Four categories are performed: personal interview, personal essay, cultural presentation, and community scrapbook. The highest scorers are then placed in a final question competition to determine the winner. The inaugural winner for the 2024 competition was Jessica McKenzie of the Opaskwayak Cree Nation.

==Background==
Miss Indigenous Canada was founded by Aleria McKay of the Six Nations of the Grand River First Nation, a former Miss Teenage Ontario in 2018. It primarily focuses on connection to community and culture, with competitors being judged on their ambassadorship, character, community service, and cultural involvement. During the competition, participants are judged in four categories: an interview, personal essay, cultural presentation, and community scrapbook. The highest scoring individuals are then judged in a prepared statement and final question competition to determine the final winner. Charles Lefebvre writing for CTV News described the competition as "not a beauty pageant, but instead focused on Indigenous traditions, culture and leadership." The event was created in order for young Indigenous women to celebrate their abilities and achievements, make connections, work to serve their communities, and promote cultural involvement and connection.

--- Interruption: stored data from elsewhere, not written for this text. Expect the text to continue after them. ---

lemma cycle_midpoints_even_even:
  assumes "n = 2 * h" "h > 0"
  shows "cycle_midpoints n (2 * int m) = {m mod h, m mod h + h}"
proof -
  have iff: "int n dvd (2 * int m - 2 * int x) \<longleftrightarrow> x mod h = m mod h" for x
  proof -
    have "int n dvd (2 * int m - 2 * int x) \<longleftrightarrow> 2 * int h dvd 2 * (int m - int x)"
      using assms by (simp add: algebra_simps)
    also have "\<dots> \<longleftrightarrow> int h dvd (int m - int x)" by (metis dvd_mult_cancel_left zero_neq_numeral)
    also have "\<dots> \<longleftrightarrow> int m mod int h = int x mod int h" by (simp add: mod_eq_dvd_iff)
    also have "\<dots> \<longleftrightarrow> x mod h = m mod h" by (auto simp flip: of_nat_mod)
    finally show ?thesis .
  qed
  have "x < 2 * h \<and> x mod h = m mod h \<longleftrightarrow> x = m mod h \<or> x = m mod h + h" for x
  proof
    assume x: "x < 2 * h \<and> x mod h = m mod h"
    then have "x div h < 2" by (simp add: div_less_iff_less_mult mult.commute)
    then have "x div h = 0 \<or> x div h = 1" by linarith
    then show "x = m mod h \<or> x = m mod h + h"
      using x div_mod_decomp[of x h] by auto
  next
    assume x: "x = m mod h \<or> x = m mod h + h"
    have "m mod h < h" using assms(2) by simp
    then show "x < 2 * h \<and> x mod h = m mod h" using x by auto
  qed
  then show ?thesis unfolding cycle_midpoints_def iff unfolding assms(1) by blast
qed

lemma card_cycle_midpoints_even_even:
  assumes "n = 2 * h" "h > 0"
  shows "card (cycle_midpoints n (2 * int m)) = 2"
  unfolding cycle_midpoints_even_even[OF assms] using assms(2) by simp

lemma resolving_share_cycle:
  assumes "n > 0" "w < n" "u < n" "v < n" "resolves {0..<n} (cycle_adj n) w u v"
  shows "resolving_share {0..<n} (cycle_adj n) w u v =
           1 / (real n - real (card (cycle_midpoints n (int u + int v))))"
proof -
  have "u \<noteq> v" using assms(5) by (auto simp: resolves_def)
  have "cycle_midpoints n (int u + int v) \<subseteq> {0..<n}"
    by (auto simp: cycle_midpoints_def)
  then have "card (cycle_midpoints n (int u + int v)) \<le> n"
    using card_mono[OF finite_atLeastLessThan] by (metis card_atLeastLessThan diff_zero)
  moreover have "card (resolving_set {0..<n} (cycle_adj n) u v) =
      n - card (cycle_midpoints n (int u + int v))"
    by (rule card_resolving_set_cycle[OF assms(1,3,4) \<open>u \<noteq> v\<close>])
  ultimately show ?thesis
    unfolding resolving_share_def using assms(5) by (simp add: of_nat_diff)
qed

lemma avg_resolving_share_cycle_odd:
  assumes "odd n" "n \<ge> 3" "w < n"
  shows "avg_resolving_share {0..<n} (cycle_adj n) w = 1 / (real n - 1)"
proof -
  define T where "T = resolved_ordered_pairs {0..<n} (cycle_adj n) w"
  have n: "n > 0" using assms(2) by simp
  have share: "resolving_share {0..<n} (cycle_adj n) w u v = 1 / (real n - 1)" if "(u, v) \<in> T" for u v
    using that resolving_share_cycle[OF n assms(3)] card_cycle_midpoints_odd[OF assms(1)]
    unfolding T_def resolved_ordered_pairs_def by auto
  define v where "v = (if w = 0 then 1 else 0 :: nat)"
  have "v < n" "v \<noteq> w" using assms(2) by (auto simp: v_def)
  then have "w \<notin> cycle_midpoints n (int w + int v)"
    using eq_if_dvd_diff_less[OF \<open>v < n\<close> assms(3)] by (auto simp: cycle_midpoints_def)
  then have "resolves {0..<n} (cycle_adj n) w w v"
    using resolves_cycle_iff[OF n assms(3,3) \<open>v < n\<close>] \<open>v \<noteq> w\<close> by simp
  then have "(w, v) \<in> T"
    using \<open>v < n\<close> assms(3) unfolding T_def resolved_ordered_pairs_def by simp
  moreover have "finite T" unfolding T_def resolved_ordered_pairs_def
    by (rule finite_subset[of _ "{0..<n} \<times> {0..<n}"]) auto
  ultimately have "card T \<noteq> 0" by auto
  then show ?thesis
    unfolding avg_resolving_share_eq[OF finite_atLeastLessThan] T_def[symmetric]
    using share by (simp add: case_prod_beta)
qed

lemma card_parity_class: "card {v. v < 2 * h \<and> even v = b} = h"
proof -
  have "{v. v < 2 * h \<and> even v = b} = (\<lambda>k. 2 * k + (if b then 0 else 1)) ` {..<h}"
    by (cases b) (auto elim: evenE oddE)
  then show ?thesis by (simp add: card_image inj_on_def)
qed

lemma card_residue_class:
  assumes "n > 0"
  shows "card {v. v < n \<and> int n dvd (int v - b)} = 1"
proof -
  have "v < n \<and> int n dvd (int v - b) \<longleftrightarrow> v = nat (b mod int n)" for v
  proof -
    have "v < n \<and> int n dvd (int v - b) \<longleftrightarrow> v < n \<and> int v mod int n = b mod int n"
      by (simp add: mod_eq_dvd_iff)
    also have "\<dots> \<longleftrightarrow> v = nat (b mod int n)"
      using assms by (auto simp: nat_less_iff)
    finally show ?thesis .
  qed
  then show ?thesis by simp
qed

lemma card_cycle_midpoint_pairs:
  assumes "n > 0" "w < n"
  shows "card {(u, v). u < n \<and> v < n \<and> w \<in> cycle_midpoints n (int u + int v)} = n"
proof -
  have "{(u, v). u < n \<and> v < n \<and> w \<in> cycle_midpoints n (int u + int v)} =
      Sigma {..<n} (\<lambda>u. {v. v < n \<and> int n dvd (int v - (2 * int w - int u))})"
    using assms(2) by (auto simp: cycle_midpoints_def algebra_simps)
  then show ?thesis using card_residue_class[OF assms(1)] by simp
qed

lemma card_cycle_midpoint_pairs_distinct:
  assumes "n = 2 * h" "h > 0" "w < n"
  shows "card {(u, v). u < n \<and> v < n \<and> u \<noteq> v \<and> w \<in> cycle_midpoints n (int u + int v)} = n - 2"
proof -
  define M where "M = {(u, v). u < n \<and> v < n \<and> w \<in> cycle_midpoints n (int u + int v)}"
  define D where "D = (\<lambda>u. (u, u)) ` cycle_midpoints n (2 * int w)"
  have diag: "(u, u) \<in> M \<longleftrightarrow> (u, u) \<in> D" for u
  proof -
    have "int n dvd int u + int u - 2 * int w \<longleftrightarrow> int n dvd 2 * int w - 2 * int u"
      by (subst dvd_diff_commute) simp
    then show ?thesis using assms(3) by (auto simp: M_def D_def cycle_midpoints_def)
  qed
  have D_diag: "x \<in> D \<Longrightarrow> fst x = snd x" for x by (auto simp: D_def)
  have "D \<subseteq> M" using diag D_diag by (metis prod.collapse subsetI)
  have "{(u, v). u < n \<and> v < n \<and> u \<noteq> v \<and> w \<in> cycle_midpoints n (int u + int v)} =
      {x \<in> M. fst x \<noteq> snd x}"
    by (auto simp: M_def)
  also have "\<dots> = M - D"
  proof (intro set_eqI)
    fix x :: "nat \<times> nat"
    obtain u v where x: "x = (u, v)" by fastforce
    show "x \<in> {x \<in> M. fst x \<noteq> snd x} \<longleftrightarrow> x \<in> M - D"
      using diag[of u] D_diag[of x] unfolding x by (cases "u = v") auto
  qed
  finally have eq: "{(u, v). u < n \<and> v < n \<and> u \<noteq> v \<and> w \<in> cycle_midpoints n (int u + int v)} = M - D" .
  have "card D = 2"
    unfolding D_def using card_cycle_midpoints_even_even[OF assms(1,2)]
    by (simp add: card_image inj_on_def)
  moreover have "finite M" unfolding M_def
    by (rule finite_subset[of _ "{..<n} \<times> {..<n}"]) auto
  moreover have "card M = n"
    unfolding M_def using assms by (intro card_cycle_midpoint_pairs) auto
  ultimately show ?thesis
    unfolding eq using card_Diff_subset[OF finite_subset \<open>D \<subseteq> M\<close>] \<open>D \<subseteq> M\<close> by simp
qed

lemma card_same_parity_pairs:
  "card {(u, v). u < 2 * h \<and> v < 2 * h \<and> u \<noteq> v \<and> even (u + v)} = 2 * h * (h - 1)"
proof -
  have "{(u, v). u < 2 * h \<and> v < 2 * h \<and> u \<noteq> v \<and> even (u + v)} =
      Sigma {..<2 * h} (\<lambda>u. {v. v < 2 * h \<and> even v = even u} - {u})"
    by auto
  moreover have "card ({v. v < 2 * h \<and> even v = even u} - {u}) = h - 1" if "u < 2 * h" for u
    using that card_parity_class[of h "even u"] by (simp add: card_Diff_singleton)
  ultimately show ?thesis by simp
qed

lemma card_opposite_parity_pairs:
  "card {(u, v). u < 2 * h \<and> v < 2 * h \<and> odd (u + v)} = 2 * h * h"
proof -
  have "{(u, v). u < 2 * h \<and> v < 2 * h \<and> odd (u + v)} =
      Sigma {..<2 * h} (\<lambda>u. {v. v < 2 * h \<and> even v = odd u})"
    by auto
  then show ?thesis using card_parity_class[of h] by simp
qed

lemma resolving_share_cycle_even:
  assumes n: "n = 2 * h" "h > 0" and "w < n" "u < n" "v < n"
    and "resolves {0..<n} (cycle_adj n) w u v"
  shows "resolving_share {0..<n} (cycle_adj n) w u v =
           (if odd (u + v) then 1 / real n else 1 / (real n - 2))"
proof (cases "odd (u + v)")
  case True
  then show ?thesis using resolving_share_cycle[OF _ assms(3-6)] cycle_midpoints_odd_sum[of n u v] n
    by simp
next
  case False
  then have "u + v = 2 * ((u + v) div 2)" by simp
  then have "int u + int v = 2 * int ((u + v) div 2)" by (metis of_nat_add of_nat_mult of_nat_numeral)
  then show ?thesis using resolving_share_cycle[OF _ assms(3-6)] card_cycle_midpoints_even_even[OF n] n False
    by simp
qed

lemma card_same_parity_non_midpoint_pairs:
  assumes n: "n = 2 * h" and h: "h \<ge> 2" and w: "w < n"
  shows "real (card {(u, v). u < n \<and> v < n \<and> u \<noteq> v \<and> even (u + v) \<and>
                             w \<notin> cycle_midpoints n (int u + int v)}) = real n * (real h - 2) + 2"
proof -
  define Same where "Same = {(u, v). u < n \<and> v < n \<and> u \<noteq> v \<and> even (u + v)}"
  define Mid where "Mid = {(u, v). u < n \<and> v < n \<and> u \<noteq> v \<and> w \<in> cycle_midpoints n (int u + int v)}"
  have "even n" using n by simp
  have Mid_Same: "Mid \<subseteq> Same"
    using cycle_midpoints_odd_sum[OF \<open>even n\<close>] by (auto simp: Mid_def Same_def)
  have "finite Same"
    by (rule finite_subset[of _ "{..<n} \<times> {..<n}"]) (auto simp: Same_def)
  have "card Same = 2 * h * (h - 1)"
    unfolding Same_def n by (rule card_same_parity_pairs)
  moreover have "card Mid = n - 2"
    unfolding Mid_def using h by (intro card_cycle_midpoint_pairs_distinct[OF n _ w]) simp
  moreover have "card (Same - Mid) + card Mid = card Same"
    using card_Diff_subset[OF finite_subset[OF Mid_Same \<open>finite Same\<close>] Mid_Same]
      card_mono[OF \<open>finite Same\<close> Mid_Same] by simp
  ultimately have "real (card (Same - Mid) + (n - 2)) = real (2 * h * (h - 1))" by simp
  then have "real (card (Same - Mid)) + (real n - 2) = 2 * real h * (real h - 1)"
    using h n by (simp add: of_nat_diff)
  moreover have "Same - Mid = {(u, v). u < n \<and> v < n \<and> u \<noteq> v \<and> even (u + v) \<and>
                                      w \<notin> cycle_midpoints n (int u + int v)}"
    by (auto simp: Same_def Mid_def)
  ultimately show ?thesis using n by (simp add: algebra_simps)
qed

lemma avg_resolving_share_cycle_even:
  assumes n: "n = 2 * h" and h: "h \<ge> 2" and w: "w < n"
  shows "avg_resolving_share {0..<n} (cycle_adj n) w = (real n - 1) / ((real n)\<^sup>2 - 2 * real n + 2)"
proof -
  define T where "T = resolved_ordered_pairs {0..<n} (cycle_adj n) w"
  define Odd where "Odd = {(u, v). u < n \<and> v < n \<and> odd (u + v)}"
  define Even where "Even = {(u, v). u < n \<and> v < n \<and> u \<noteq> v \<and> even (u + v) \<and>
                                     w \<notin> cycle_midpoints n (int u + int v)}"
  have n0: "n > 0" and "even n" using n h by auto
  have T_eq: "T = Odd \<union> Even"
    using resolves_cycle_iff[OF n0 w] cycle_midpoints_odd_sum[OF \<open>even n\<close>]
    by (auto simp: T_def resolved_ordered_pairs_def Odd_def Even_def)
  have disjoint: "Odd \<inter> Even = {}" by (auto simp: Odd_def Even_def)
  have fin: "finite Odd" "finite Even"
    by (rule finite_subset[of _ "{..<n} \<times> {..<n}"], auto simp: Odd_def Even_def)+
  have card_Odd: "real (card Odd) = real n * real h"
    using card_opposite_parity_pairs[of h] n by (simp add: Odd_def)
  have card_Even: "real (card Even) = real n * (real h - 2) + 2"
    unfolding Even_def by (rule card_same_parity_non_midpoint_pairs[OF n h w])
  have share: "resolving_share {0..<n} (cycle_adj n) w u v =
      (if odd (u + v) then 1 / real n else 1 / (real n - 2))" if "(u, v) \<in> T" for u v
    using that resolving_share_cycle_even[OF n _ w] h unfolding T_def resolved_ordered_pairs_def by auto
  have "(\<Sum>(u, v)\<in>Odd. resolving_share {0..<n} (cycle_adj n) w u v) = (\<Sum>_\<in>Odd. 1 / real n)"
    by (rule sum.cong) (auto simp: share T_eq Odd_def)
  moreover have "(\<Sum>(u, v)\<in>Even. resolving_share {0..<n} (cycle_adj n) w u v) =
      (\<Sum>_\<in>Even. 1 / (real n - 2))"
    by (rule sum.cong) (auto simp: share T_eq Even_def)
  ultimately have "(\<Sum>(u, v)\<in>T. resolving_share {0..<n} (cycle_adj n) w u v) =
      real (card Odd) / real n + real (card Even) / (real n - 2)"
    unfolding T_eq using fin disjoint by (simp add: sum.union_disjoint)
  also have "\<dots> = real n - 1"
    using card_Odd card_Even n h by (simp add: field_simps)
  finally have sum: "(\<Sum>(u, v)\<in>T. resolving_share {0..<n} (cycle_adj n) w u v) = real n - 1" .
  have "real (card T) = (real n)\<^sup>2 - 2 * real n + 2"
    unfolding T_eq using fin disjoint card_Odd card_Even n
    by (simp add: card_Un_disjoint power2_eq_square algebra_simps)
  then show ?thesis
    unfolding avg_resolving_share_eq[OF finite_atLeastLessThan] T_def[symmetric] sum by simp
qed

Indigenous (First Nations, Inuit, Métis) women with a verifiable community affiliation between the ages of 18 and 30 years of age are eligible for the competition. The competition is inclusive of married women and two-spirited individuals. A component of the competition is to raise funds for a chosen charity. Participants are required to raise a minimum of $100 for the organization as a charitable donation.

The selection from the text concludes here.